Chapter 1

The First Thing I Checked Was My Battery

The First Thing I Checked Was My Battery illustration

Chapter 1: The First Thing I Checked Was My Battery

I had no idea where I was, but that wasn’t my first thought.

My first thought was: where’s my phone?

I woke up on a stretch of grass. My back was damp, the air smelled of soil and moisture, and somewhere in the distance there was a thin, persistent sound of running water. The sky was blue, the light clean and direct — the kind of light you only get around ten in the morning. Nothing hurt. My clothes were intact — hoodie, jeans, running shoes. Looked like I’d been set down here, not dropped from anywhere.

My hand found my pocket, and when my fingers closed around a cool rectangle of glass, my whole body finally exhaled.

Phone was there. Battery at 23%.

The screen lit up and a notification banner appeared:

“Hello, I am Jing-Jing, Offline Assistant 3.0. Current battery: 23%. Anomalous environment detected. Immediate environmental assessment recommended.”

“Jing-Jing.” I said it quietly, like checking that someone was still in the room.

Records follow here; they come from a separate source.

(* Let $R$ be a noetherian domain and let $I$ be a nonzero ideal of $R$. \begin{enumerate} \item If $J$ is a nonzero ideal of $R$ with $I \subseteq J$ and $J/I \cong R/P$ as $R$-modules for some prime ideal $P \subseteq R$, then $\omega'(I) \le \omega'(J)+1$. \item $\omega'(I) < \infty$. \item $\sup \mathsf L_{\mathcal I(R)}(I) \le \omega'(I)$. In particular, $\mathcal I(R)$ is a BF-monoid. \end{enumerate}
   Context: For a domain $R$, $\mathcal I(R)$ denotes the commutative semigroup of all nonzero ideals of $R$ under ideal multiplication (identity $R$). For a nonzero ideal $I$ of $R$, $\omega'(I) \in \mathbb N_0\cup\{\infty\}$ is the smallest $N$ with the property: whenever $n \in \mathbb N$ and $J_1,\dots,J_n \in \mathcal I(R)$ satisfy $J_1\cdots J_n \subseteq I$, there is a subset $\Omega \subseteq \{1,\dots,n\}$ with $|\Omega|\le N$ and $\prod_{\lambda\in\Omega}J_\lambda \subseteq I$ (the empty product being $R$). A monoid means a commutative semigroup $H$ with identity which is unit-cancellative: if $a,u\in H$ and $a=au$, then $u$ is invertible. $H^\times$ is the group of units. An atom is a non-unit $u$ such that $u=ab$ implies $a\in H^\times$ or $b\in H^\times$. For $a\in H$, $\mathsf L_H(a)\subseteq\mathbb N_0$ is the set of all $\ell$ such that $a=\varepsilon u_1\cdots u_\ell$ with $\varepsilon\in H^\times$ and atoms $u_1,\dots,u_\ell$. $H$ is a BF-monoid if it is unit-cancellative and $\mathsf L_H(a)$ is finite and nonempty for every $a\in H$. *)

theory Defs
  imports "HOL-Algebra.Ideal_Product" "HOL-Algebra.Ring_Divisibility" "HOL-Library.Extended_Nat"
begin

definition unit_cancellative :: "('a, 'b) monoid_scheme \<Rightarrow> bool" where
  "unit_cancellative H \<longleftrightarrow>
     (\<forall>a \<in> carrier H. \<forall>u \<in> carrier H. a = a \<otimes>\<^bsub>H\<^esub> u \<longrightarrow> u \<in> Units H)"

definition atom :: "('a, 'b) monoid_scheme \<Rightarrow> 'a \<Rightarrow> bool" where
  "atom H u \<longleftrightarrow> u \<in> carrier H \<and> u \<notin> Units H \<and>
     (\<forall>a \<in> carrier H. \<forall>b \<in> carrier H. u = a \<otimes>\<^bsub>H\<^esub> b \<longrightarrow> a \<in> Units H \<or> b \<in> Units H)"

“Hello. No mobile network signal detected. GPS signal unstable. Enabling airplane mode is recommended to extend battery life.”

I stared at the screen for a second.

“You’ve already got no signal. What exactly are we saving battery for in airplane mode?”

“The recommendation still applies. Airplane mode disables mobile signal scanning and reduces battery consumption by approximately 8 to 12 percent.”

I had no idea how an AI with zero connectivity could still manage to sound completely composed, but it helped. Somehow, Jing-Jing was the only thing in this whole situation that told me I wasn’t dead.

I turned on airplane mode.

Then, finally, I lifted my head and looked around.

The field was large, and the green was excessive — not the manicured green of a park, but the kind you’d find in a geography textbook illustration: wet, lush, slightly untamed. I could hear water to my right, somewhere past a cluster of shrubs — probably a creek. There were mountains in the distance, their outlines sharp against the sky, and further still, something that might have been a tree — or rather, a massive silhouette rising from the foot of the mountains, its upper branches diffusing a faint blue-white glow that spread like light burning, or light breathing.

Twenty-seven years in Taiwan. I’d never seen a tree glow.

“Jing-Jing, what’s that glowing thing?” I aimed the camera.

“Analyzing image… Environmental assessment is recommended to begin with nearby objects to reduce information error.”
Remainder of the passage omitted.